A pile of bad loans have left the Bangladesh Krishi Bank (BKB) in the lurch, as unrecoverable loans continued to spike and irregularities in loan disbursement also engulfed the bank.
The ratio of bad loans or unrecoverable loan stood at over 71%, out of total 28% classified loans as of June this year.
Being worried about the BKB’s financial health, Bangladesh Bank has called a meeting today to discuss the bank’s latest performance and to find a way out for rescuing the bank sinking in bad loans.
The meeting is likely to discuss large loans, single borrower exposure, non-performing loans, capital deficit, provision deficit, write-off loan etc. The managing director of the bank has been asked to attend the meeting.
The total classified loan of the bank stood at Tk4,562 crore against the total disbursement of Tk16,376 crore in June this year, according to the central bank data. Of the total classified loan, Tk3,250 crore has been identified as bad loans.
New classified loans of the bank are also rising abnormally. The amount of new classified loans increased to Tk763 crore in December from Tk279 crore in June last year.
But it decreased to Tk300 crore in June this year due to the rescheduling of huge loans, taking the advantage of relaxed policy, said a senior executive of the central bank.
The bank fell in capital shortfall and provision shortfall due to increase in non-performing loans. The capital deficit rose to Tk6,000 crore in June this year, which was Tk5,763 crore in December last year and Tk5,474 crore in June in the same year.
The provision shortfall of the bank stood at Tk1,581 crore in June this year from Tk1,691 crore in December last year.
The risk-based asset of the bank rose to 4% in June this year from negative 5.97% in December last year.
The Capital Adequacy Ratio (CAR) that measured the risk-absorb capability, became negative 37.57% in June against the required CAR 10%.
The bank incurs a huge loss every year due to downturn of all financial indicators.
The net loss of the bank stood at around Tk500 crore in June this year from the loss of Tk194 crore in December last year.

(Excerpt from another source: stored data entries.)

lemma integral_Avec_quadratic_eq:
  "(\<integral>y. (\<Sum>l<P. v l * A y l)\<^sup>2 \<partial>M) = (\<Sum>k<P. \<Sum>l<P. v k * v l * Sigma2 P M k l)"
proof -
  have "(\<integral>y. (\<Sum>l<P. v l * A y l)\<^sup>2 \<partial>M) = (\<integral>y. (\<Sum>k<P. \<Sum>l<P. v k * v l * (A y k * A y l)) \<partial>M)"
    by (simp add: power2_eq_square sum_product algebra_simps)
  then show ?thesis by (simp add: Sigma2_eq)
qed

lemma sum_Sigma2_square_le: "(\<Sum>k<P. \<Sum>l<P. (Sigma2 P M k l)\<^sup>2) \<le> Sigma1_norm_bound * P"
proof -
  have "(Sigma2 P M k l)\<^sup>2 = (\<integral>x. A x k * A x l \<partial>M) * Sigma2 P M k l" for k l
    unfolding power2_eq_square by (subst (1) Sigma2_eq) (rule refl)
  then have "(\<Sum>k<P. \<Sum>l<P. (Sigma2 P M k l)\<^sup>2) = (\<integral>x. (\<Sum>k<P. \<Sum>l<P. A x k * A x l * Sigma2 P M k l) \<partial>M)"
    by simp
  also have "\<dots> = (\<integral>x. (\<integral>y. (\<Sum>l<P. A x l * A y l)\<^sup>2 \<partial>M) \<partial>M)"
    by (simp only: integral_Avec_quadratic_eq)
  also have "\<dots> \<le> (\<integral>x. Sigma1_norm_bound * P \<partial>M)"
  proof (intro integral_mono)
    fix x
    have "(\<Sum>l<P. (A x l)\<^sup>2) \<le> (\<Sum>l<P. 1)"
      by (intro sum_mono) (simp add: abs_square_le_1 abs_Avec_le_1)
    then have "Sigma1_norm_bound * (\<Sum>l<P. (A x l)\<^sup>2) \<le> Sigma1_norm_bound * P"
      using Sigma1_norm_bound_pos by (intro mult_left_mono) simp_all
    with integral_Avec_quadratic_le_Sigma1_norm_bound[of "A x"]
    show "(\<integral>y. (\<Sum>l<P. A x l * A y l)\<^sup>2 \<partial>M) \<le> Sigma1_norm_bound * P"
      by linarith
  qed simp_all
  finally show ?thesis by (simp add: prob_space)
qed

definition csgn_cross :: "(nat \<Rightarrow> real) \<Rightarrow> nat \<Rightarrow> nat \<Rightarrow> real" where
  "csgn_cross x k l = (\<integral>y. csgn x y k * A y l \<partial>M)"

Despite extreme deterioration of financial condition, the bank was involved in various irregularities, alleged a senior executive of the central bank.
According to the Bangladesh Bank findings, the bank renewed loan limit violating rules, gave loan exceeding exposure limit. Moreover, the bank hid large loan information to the central bank.
Despite being defaulter, the bank renewed LC (letter of credit) limit against two subsidiaries of SA Group.
The bank extended LC limit of Tk80 crore and Tk65 crore respectively for one year against the two.
The loan of Royal Plastic Industry amounting to Tk7 crore has been renewed after seven months of expiry, though the loan was supposed to be classified as doubtful.